• [What the exercise asks] Reproduce the entries below exactly, but only from the line containing "s t \<longleftrightarrow>" to the line containing "s = plac_class", inclusive.

*** Information given Section Begins ***

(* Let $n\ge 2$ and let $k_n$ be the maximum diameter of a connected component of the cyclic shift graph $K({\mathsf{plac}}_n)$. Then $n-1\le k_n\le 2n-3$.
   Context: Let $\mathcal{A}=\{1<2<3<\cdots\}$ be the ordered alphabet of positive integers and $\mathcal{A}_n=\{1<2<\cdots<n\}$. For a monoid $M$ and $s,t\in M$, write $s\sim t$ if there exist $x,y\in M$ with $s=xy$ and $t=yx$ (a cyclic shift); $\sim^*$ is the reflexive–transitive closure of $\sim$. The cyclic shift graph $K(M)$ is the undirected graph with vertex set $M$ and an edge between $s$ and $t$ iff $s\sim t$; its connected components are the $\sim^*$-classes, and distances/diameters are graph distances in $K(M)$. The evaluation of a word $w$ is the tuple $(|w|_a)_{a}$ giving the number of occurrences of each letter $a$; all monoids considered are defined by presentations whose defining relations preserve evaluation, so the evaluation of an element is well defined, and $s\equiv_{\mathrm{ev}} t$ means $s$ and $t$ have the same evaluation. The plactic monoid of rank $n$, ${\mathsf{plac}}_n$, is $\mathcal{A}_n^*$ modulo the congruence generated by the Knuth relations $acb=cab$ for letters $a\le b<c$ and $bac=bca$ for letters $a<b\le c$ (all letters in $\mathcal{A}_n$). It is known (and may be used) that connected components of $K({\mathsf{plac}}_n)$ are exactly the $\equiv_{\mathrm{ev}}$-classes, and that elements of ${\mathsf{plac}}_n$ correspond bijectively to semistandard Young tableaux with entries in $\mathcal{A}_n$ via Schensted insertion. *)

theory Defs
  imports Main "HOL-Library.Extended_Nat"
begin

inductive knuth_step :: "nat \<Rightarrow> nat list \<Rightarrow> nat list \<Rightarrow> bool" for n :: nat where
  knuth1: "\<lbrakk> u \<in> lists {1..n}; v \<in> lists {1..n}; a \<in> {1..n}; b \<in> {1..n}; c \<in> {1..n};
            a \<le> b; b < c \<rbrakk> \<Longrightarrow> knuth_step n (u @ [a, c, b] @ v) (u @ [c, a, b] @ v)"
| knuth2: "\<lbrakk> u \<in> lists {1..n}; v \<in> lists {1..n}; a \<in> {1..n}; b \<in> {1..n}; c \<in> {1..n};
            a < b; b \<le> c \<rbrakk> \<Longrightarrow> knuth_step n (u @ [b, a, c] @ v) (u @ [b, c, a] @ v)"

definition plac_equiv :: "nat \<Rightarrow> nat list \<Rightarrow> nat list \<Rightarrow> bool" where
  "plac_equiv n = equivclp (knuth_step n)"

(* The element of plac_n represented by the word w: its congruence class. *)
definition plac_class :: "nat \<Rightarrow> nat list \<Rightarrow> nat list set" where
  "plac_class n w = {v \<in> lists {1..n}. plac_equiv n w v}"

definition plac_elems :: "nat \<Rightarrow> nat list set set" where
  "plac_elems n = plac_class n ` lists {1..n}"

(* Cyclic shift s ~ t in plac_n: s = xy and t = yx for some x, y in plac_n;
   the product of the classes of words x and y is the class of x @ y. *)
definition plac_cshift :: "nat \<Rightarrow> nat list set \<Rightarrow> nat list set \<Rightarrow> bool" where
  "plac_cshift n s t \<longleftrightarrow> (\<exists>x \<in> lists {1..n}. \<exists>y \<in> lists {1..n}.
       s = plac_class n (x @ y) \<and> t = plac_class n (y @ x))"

*** Information given Section Ends ***
*** Information given Section Begins ***

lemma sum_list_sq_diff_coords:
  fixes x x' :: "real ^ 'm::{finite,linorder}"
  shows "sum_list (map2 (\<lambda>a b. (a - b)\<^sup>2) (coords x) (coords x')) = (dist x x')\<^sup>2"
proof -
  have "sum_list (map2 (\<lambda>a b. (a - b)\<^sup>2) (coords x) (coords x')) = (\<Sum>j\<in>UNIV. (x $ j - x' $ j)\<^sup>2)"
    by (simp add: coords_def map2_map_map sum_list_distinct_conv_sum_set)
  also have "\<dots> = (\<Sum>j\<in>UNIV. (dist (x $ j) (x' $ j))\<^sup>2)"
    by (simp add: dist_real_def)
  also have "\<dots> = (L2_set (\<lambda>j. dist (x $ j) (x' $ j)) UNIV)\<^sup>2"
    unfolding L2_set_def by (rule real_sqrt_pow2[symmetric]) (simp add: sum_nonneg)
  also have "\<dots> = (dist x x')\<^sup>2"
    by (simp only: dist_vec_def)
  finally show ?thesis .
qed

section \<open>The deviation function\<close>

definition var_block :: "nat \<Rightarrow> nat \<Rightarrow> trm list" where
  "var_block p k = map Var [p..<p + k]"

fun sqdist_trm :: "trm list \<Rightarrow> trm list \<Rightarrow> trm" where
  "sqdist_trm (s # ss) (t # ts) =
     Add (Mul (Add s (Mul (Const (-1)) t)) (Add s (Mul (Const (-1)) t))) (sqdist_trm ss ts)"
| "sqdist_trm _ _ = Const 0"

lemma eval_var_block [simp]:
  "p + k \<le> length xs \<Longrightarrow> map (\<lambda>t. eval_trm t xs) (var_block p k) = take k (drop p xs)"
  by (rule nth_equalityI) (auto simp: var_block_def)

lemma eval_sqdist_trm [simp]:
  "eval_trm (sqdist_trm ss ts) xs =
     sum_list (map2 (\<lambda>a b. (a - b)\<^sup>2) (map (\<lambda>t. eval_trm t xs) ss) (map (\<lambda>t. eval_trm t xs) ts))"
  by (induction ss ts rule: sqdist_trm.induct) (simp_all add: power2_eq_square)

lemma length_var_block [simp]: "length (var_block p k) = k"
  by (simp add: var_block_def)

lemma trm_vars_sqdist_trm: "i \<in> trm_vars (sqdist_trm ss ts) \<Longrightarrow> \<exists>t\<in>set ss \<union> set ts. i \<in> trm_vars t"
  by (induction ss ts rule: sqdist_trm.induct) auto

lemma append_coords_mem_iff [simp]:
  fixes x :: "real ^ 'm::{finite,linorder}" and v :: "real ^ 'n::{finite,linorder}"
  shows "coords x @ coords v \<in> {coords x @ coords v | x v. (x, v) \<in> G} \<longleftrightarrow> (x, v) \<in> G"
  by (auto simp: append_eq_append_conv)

*** Information given Section Ends ***
*** Information given Section Begins ***

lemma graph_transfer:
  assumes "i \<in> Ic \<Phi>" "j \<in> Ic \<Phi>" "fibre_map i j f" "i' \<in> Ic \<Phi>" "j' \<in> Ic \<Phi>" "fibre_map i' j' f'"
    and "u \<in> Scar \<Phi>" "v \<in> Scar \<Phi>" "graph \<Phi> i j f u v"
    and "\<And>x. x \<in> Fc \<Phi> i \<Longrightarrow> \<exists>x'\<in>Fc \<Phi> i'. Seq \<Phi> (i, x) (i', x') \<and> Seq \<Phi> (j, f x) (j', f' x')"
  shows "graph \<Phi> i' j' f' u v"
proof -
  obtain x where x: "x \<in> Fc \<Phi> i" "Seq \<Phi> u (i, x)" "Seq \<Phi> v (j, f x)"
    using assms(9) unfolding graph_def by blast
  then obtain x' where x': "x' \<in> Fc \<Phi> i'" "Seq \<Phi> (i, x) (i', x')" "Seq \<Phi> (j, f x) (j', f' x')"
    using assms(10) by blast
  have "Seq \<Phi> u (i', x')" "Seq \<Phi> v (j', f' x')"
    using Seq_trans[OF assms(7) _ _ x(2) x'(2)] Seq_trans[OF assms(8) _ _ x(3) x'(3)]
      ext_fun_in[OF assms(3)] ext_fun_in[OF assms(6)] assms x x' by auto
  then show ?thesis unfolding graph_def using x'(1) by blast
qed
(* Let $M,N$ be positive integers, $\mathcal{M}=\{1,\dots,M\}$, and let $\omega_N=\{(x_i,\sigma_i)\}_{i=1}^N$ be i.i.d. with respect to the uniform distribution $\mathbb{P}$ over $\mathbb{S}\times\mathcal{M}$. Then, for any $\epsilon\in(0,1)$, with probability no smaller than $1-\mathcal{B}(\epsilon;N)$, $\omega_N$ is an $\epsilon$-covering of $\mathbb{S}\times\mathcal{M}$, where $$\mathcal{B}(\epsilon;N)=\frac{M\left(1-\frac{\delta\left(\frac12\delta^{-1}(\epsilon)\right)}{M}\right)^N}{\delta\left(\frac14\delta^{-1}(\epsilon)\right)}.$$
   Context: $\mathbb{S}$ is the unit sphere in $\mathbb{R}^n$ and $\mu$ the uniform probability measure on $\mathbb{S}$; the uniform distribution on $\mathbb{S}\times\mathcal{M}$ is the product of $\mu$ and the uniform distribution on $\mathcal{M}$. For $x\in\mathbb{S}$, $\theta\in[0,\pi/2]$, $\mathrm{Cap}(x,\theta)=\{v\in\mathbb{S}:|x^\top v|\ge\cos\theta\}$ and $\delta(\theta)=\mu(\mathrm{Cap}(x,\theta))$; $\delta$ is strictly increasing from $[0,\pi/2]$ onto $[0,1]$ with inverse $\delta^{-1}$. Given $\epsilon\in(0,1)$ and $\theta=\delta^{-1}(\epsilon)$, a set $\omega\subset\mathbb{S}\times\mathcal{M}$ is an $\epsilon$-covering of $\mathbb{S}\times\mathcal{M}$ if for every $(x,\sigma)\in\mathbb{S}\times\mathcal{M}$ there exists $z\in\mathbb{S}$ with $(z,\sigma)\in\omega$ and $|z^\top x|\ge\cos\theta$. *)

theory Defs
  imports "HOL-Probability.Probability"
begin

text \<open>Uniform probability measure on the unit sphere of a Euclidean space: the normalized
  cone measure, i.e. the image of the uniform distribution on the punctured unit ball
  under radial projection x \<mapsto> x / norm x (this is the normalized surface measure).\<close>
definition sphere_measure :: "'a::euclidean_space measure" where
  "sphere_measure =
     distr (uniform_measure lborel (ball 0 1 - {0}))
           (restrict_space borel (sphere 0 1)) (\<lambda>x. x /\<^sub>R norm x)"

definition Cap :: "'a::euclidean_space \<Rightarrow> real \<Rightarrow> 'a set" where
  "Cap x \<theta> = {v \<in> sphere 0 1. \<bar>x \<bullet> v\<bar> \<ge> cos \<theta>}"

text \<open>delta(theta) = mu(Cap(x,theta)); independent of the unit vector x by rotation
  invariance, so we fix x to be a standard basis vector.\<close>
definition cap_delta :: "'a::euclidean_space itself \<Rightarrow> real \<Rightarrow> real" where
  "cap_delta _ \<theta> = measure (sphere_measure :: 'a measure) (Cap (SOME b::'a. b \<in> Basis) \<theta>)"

*** Information given Section Ends ***

• [Written response]
  "plac_cshift n s t \<longleftrightarrow> (\<exists>x \<in> lists {1..n}. \<exists>y \<in> lists {1..n}.
       s = plac_class n (x @ y) \<and> t = plac_class n (y @ x))"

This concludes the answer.